For water heating, I would like to also see the inclusion of solar thermal heating, especially in sunny regions of the US. Vacuum tube solar water heating is another elegantly simple application which can bring substantial reductions in heating costs and environmental impact.

 

Thomas Garven's picture
Thomas Garven on May 11, 2014 6:06 pm GMT

And Schalk said this:

“As you show, even the highly efficient heat pump is still far from trumping natural gas heating. This becomes especially true in regions where the temperature often goes below zero, dropping the heat pump COP”.

Well the real answer is it all depends doesn’t it? Natural Gas powered furnaces are not electricity free.  You have thermostats, electric motors to move the air, motors to exhaust the combusted fuel and to power the controls.  Just ask anyone who was affected by Hurricane Sandy if their furnaces worked without electricity. And the same can be said for heat pumps – no electricity, no heat.

Also, it all depends on the type of heat pump and the source of the heat. While Air Source heat pumps lose efficiency as temperature drops, ground source units DO NOT. It is also true that ground source heat pumps are more expensive but in most cases can also include air conditioning as a side benefit which a natural gas furnace does not. Of course you can add air conditioning to a gas furnace for about another $3000-$6000.

What I find disingenuous about this posting is that no credit is given to either new high efficiency air source heat pumps or ground source heat pump technology. Its strikes me as nothing more than a hollow marketing campaign for the gas association. It is also disingenuous because it leaves the average reader thinking natural gas is the way to go which MAY or MAY NOT be true. It might be true when natural gas prices are low, installation costs are cheap and in a location that dictates the type of system that can be used.
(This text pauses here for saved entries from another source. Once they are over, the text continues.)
definition Aplus :: "jfun \<Rightarrow> jfun \<Rightarrow> jfun \<Rightarrow> jfun" where
  "Aplus phi lam h = (\<lambda>x u p. vf_apply (Avf phi) h x u p + lam x u p * h x u p)"

definition lam_prol :: "jfun \<Rightarrow> jfun \<Rightarrow> jfun \<Rightarrow> jfun \<Rightarrow> jvf" where
  "lam_prol phi xi eta lam = (xi, eta,
      (\<lambda>x u p. Aplus phi lam eta x u p - Aplus phi lam xi x u p * p))"

definition gen_Cinf_symmetry ::
  "(real \<times> real \<times> real) set \<Rightarrow> jfun \<Rightarrow> jfun \<Rightarrow> jfun \<Rightarrow> jfun \<Rightarrow> bool" where
  "gen_Cinf_symmetry U phi xi eta lam \<longleftrightarrow>
     smooth_on U xi \<and> smooth_on U eta \<and> smooth_on U lam \<and>
     vf_eq_on U (lie_bracket (lam_prol phi xi eta lam) (Avf phi))
       (let V = lam_prol phi xi eta lam; k = Aplus phi lam xi; A = Avf phi in
        (\<lambda>x u p. lam x u p * fst V x u p - k x u p * fst A x u p,
         \<lambda>x u p. lam x u p * fst (snd V) x u p - k x u p * fst (snd A) x u p,
         \<lambda>x u p. lam x u p * snd (snd V) x u p - k x u p * snd (snd A) x u p))"

definition lin_dep_Cinf :: "(real \<times> real \<times> real) set \<Rightarrow> jvf \<Rightarrow> jvf \<Rightarrow> jvf \<Rightarrow> bool" where
  "lin_dep_Cinf U V1 V2 V3 \<longleftrightarrow> (\<exists>a b c. smooth_on U a \<and> smooth_on U b \<and> smooth_on U c \<and>
      (\<exists>(x,u,p)\<in>U. a x u p \<noteq> 0 \<or> b x u p \<noteq> 0 \<or> c x u p \<noteq> 0) \<and>
      (\<forall>(x,u,p)\<in>U.
         a x u p * fst V1 x u p + b x u p * fst V2 x u p + c x u p * fst V3 x u p = 0 \<and>
         a x u p * fst (snd V1) x u p + b x u p * fst (snd V2) x u p
           + c x u p * fst (snd V3) x u p = 0 \<and>
         a x u p * snd (snd V1) x u p + b x u p * snd (snd V2) x u p
           + c x u p * snd (snd V3) x u p = 0))"

definition A_equivalent ::
  "(real \<times> real \<times> real) set \<Rightarrow> jfun \<Rightarrow> jfun \<Rightarrow> jfun \<Rightarrow> jfun \<Rightarrow> jfun \<Rightarrow> jfun \<Rightarrow> jfun \<Rightarrow> bool" where
  "A_equivalent U phi xi1 eta1 lam1 xi2 eta2 lam2 \<longleftrightarrow>
     lin_dep_Cinf U (Avf phi) (lam_prol phi xi1 eta1 lam1) (lam_prol phi xi2 eta2 lam2)"

definition first_integral_assoc ::
  "(real \<times> real \<times> real) set \<Rightarrow> jfun \<Rightarrow> jfun \<Rightarrow> jfun \<Rightarrow> jfun \<Rightarrow> jfun \<Rightarrow> bool" where
  "first_integral_assoc V phi xi eta lam I \<longleftrightarrow>
     (\<forall>(x,u,p)\<in>V. vf_apply (Avf phi) I x u p = 0 \<and>
                   vf_apply (lam_prol phi xi eta lam) I x u p = 0)"

text \<open>mu (u_xx - phi) = D_x(I), with u_xx =: q a free jet coordinate;
  D_x I = I_x + p I_u + q I_p.\<close>
definition integrating_factor_on :: "(real \<times> real \<times> real) set \<Rightarrow> jfun \<Rightarrow> jfun \<Rightarrow> bool" where
  "integrating_factor_on V phi mu \<longleftrightarrow> (\<exists>I. smooth_on V I \<and>
     (\<forall>(x,u,p)\<in>V. \<forall>q. mu x u p * (q - phi x u p)
         = pdx I x u p + p * pdu I x u p + q * pdp I x u p))"

definition jacobi_last_multiplier :: "(real \<times> real \<times> real) set \<Rightarrow> jfun \<Rightarrow> jfun \<Rightarrow> bool" where
  "jacobi_last_multiplier V phi M \<longleftrightarrow>
     (\<forall>(x,u,p)\<in>V. vf_apply (Avf phi) M x u p + M x u p * pdp phi x u p = 0)"

end

theory Submission
  imports Defs
begin

text \<open>
  For the canonical representative \<open>(\<partial>\<^sub>u, \<lambda>)\<close> the symmetry condition says exactly that
  \<open>\<lambda>\<close> solves the Riccati-type equation \<open>A(\<lambda>) = \<phi>\<^sub>u + \<lambda> \<phi>\<^sub>p - \<lambda>\<^sup>2\<close> (writing \<open>p\<close> for \<open>u\<^sub>x\<close>).
  The 1-form \<open>\<omega> = \<mu>(\<lambda>p - \<phi>) dx - \<lambda>\<mu> du + \<mu> dp\<close> annihilates \<open>A\<close> and
  \<open>X = \<partial>\<^sub>u + \<lambda>\<partial>\<^sub>p\<close>, and by the Riccati equation it is closed as soon as
  \<open>X(\<mu>) = -\<lambda>\<^sub>p \<mu>\<close> and \<open>A(\<mu>) = (\<lambda> - \<phi>\<^sub>p) \<mu>\<close>.
  For \<open>\<mu>\<^sub>1 = 1/h\<close> with \<open>h = f\<^sub>2 g\<^sub>2 (\<lambda>\<^sub>2 - \<lambda>\<^sub>1)\<close> these become statements about logarithmic
  derivatives: the hypotheses on \<open>f\<^sub>2, g\<^sub>2\<close> give \<open>X\<^sub>1(h) = (\<lambda>\<^sub>1)\<^sub>p h\<close> and
  \<open>A(h) = (\<phi>\<^sub>p - \<lambda>\<^sub>1) h\<close>. The Poincar\'e lemma on a small box then gives \<open>I\<^sub>1\<close> with
  \<open>dI\<^sub>1 = \<omega>\<close>; it is a first integral, and \<open>\<mu>\<^sub>1\<close> is an integrating factor.
  In the same way \<open>A(h) = \<phi>\<^sub>p h\<close> for \<open>h = f\<^sub>1 g\<^sub>1 f\<^sub>2 g\<^sub>2 (\<lambda>\<^sub>2 - \<lambda>\<^sub>1)\<close>, which is the
  last-multiplier equation \<open>A(M) + \<phi>\<^sub>p M = 0\<close> for \<open>M = 1/h\<close>.
\<close>

section \<open>Partial derivatives of functions on the jet space\<close>

definition jdifferentiable :: "jfun \<Rightarrow> real \<Rightarrow> real \<Rightarrow> real \<Rightarrow> bool" where
  "jdifferentiable F x u p \<longleftrightarrow> (\<lambda>(x,u,p). F x u p) differentiable (at (x,u,p))"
However, we should agree to REVISIT this cost structure in 5 years from now. Natural gas could doubling in the next 5 years. Electricity rates could increase 50% in 5 years but I think a more realistic value might be around 15-20%. Of course the average homeowner doesn’t understand the relationships between the two do they?

I have had heat pumps on my personal residences for the last 30 years. Most of that time in California and Arizona where winter temperatures are mild with only a few days in the low 20’s F. Heating my 1700 ft. sq. home has NEVER required more than 1.0 hour of operation from my 42,000 BTU heat pump to make my home comfortable. That takes about 3 kWh of electricity at $.12/kW hour. On an average winter day it cost me $.36 to heat my home to a comfortable level or about $10.80 per month. A natural gas service to my location including local taxes, delivery charges, metering charges and minimum monthly service fees with zero cubic feet used would cost more than the cost of the electricity to run my heat pump. The moral of this story is DEPENDING on where and how heat pumps are used they can beat the pants off natural gas or any other fossil fueled device for that matter.

Have a great day.   

p.s. Almost forgot to add something about heat pump water heaters.  A whole home heat pump heating system can also heat your dometic hot water.  No need for a seperate system.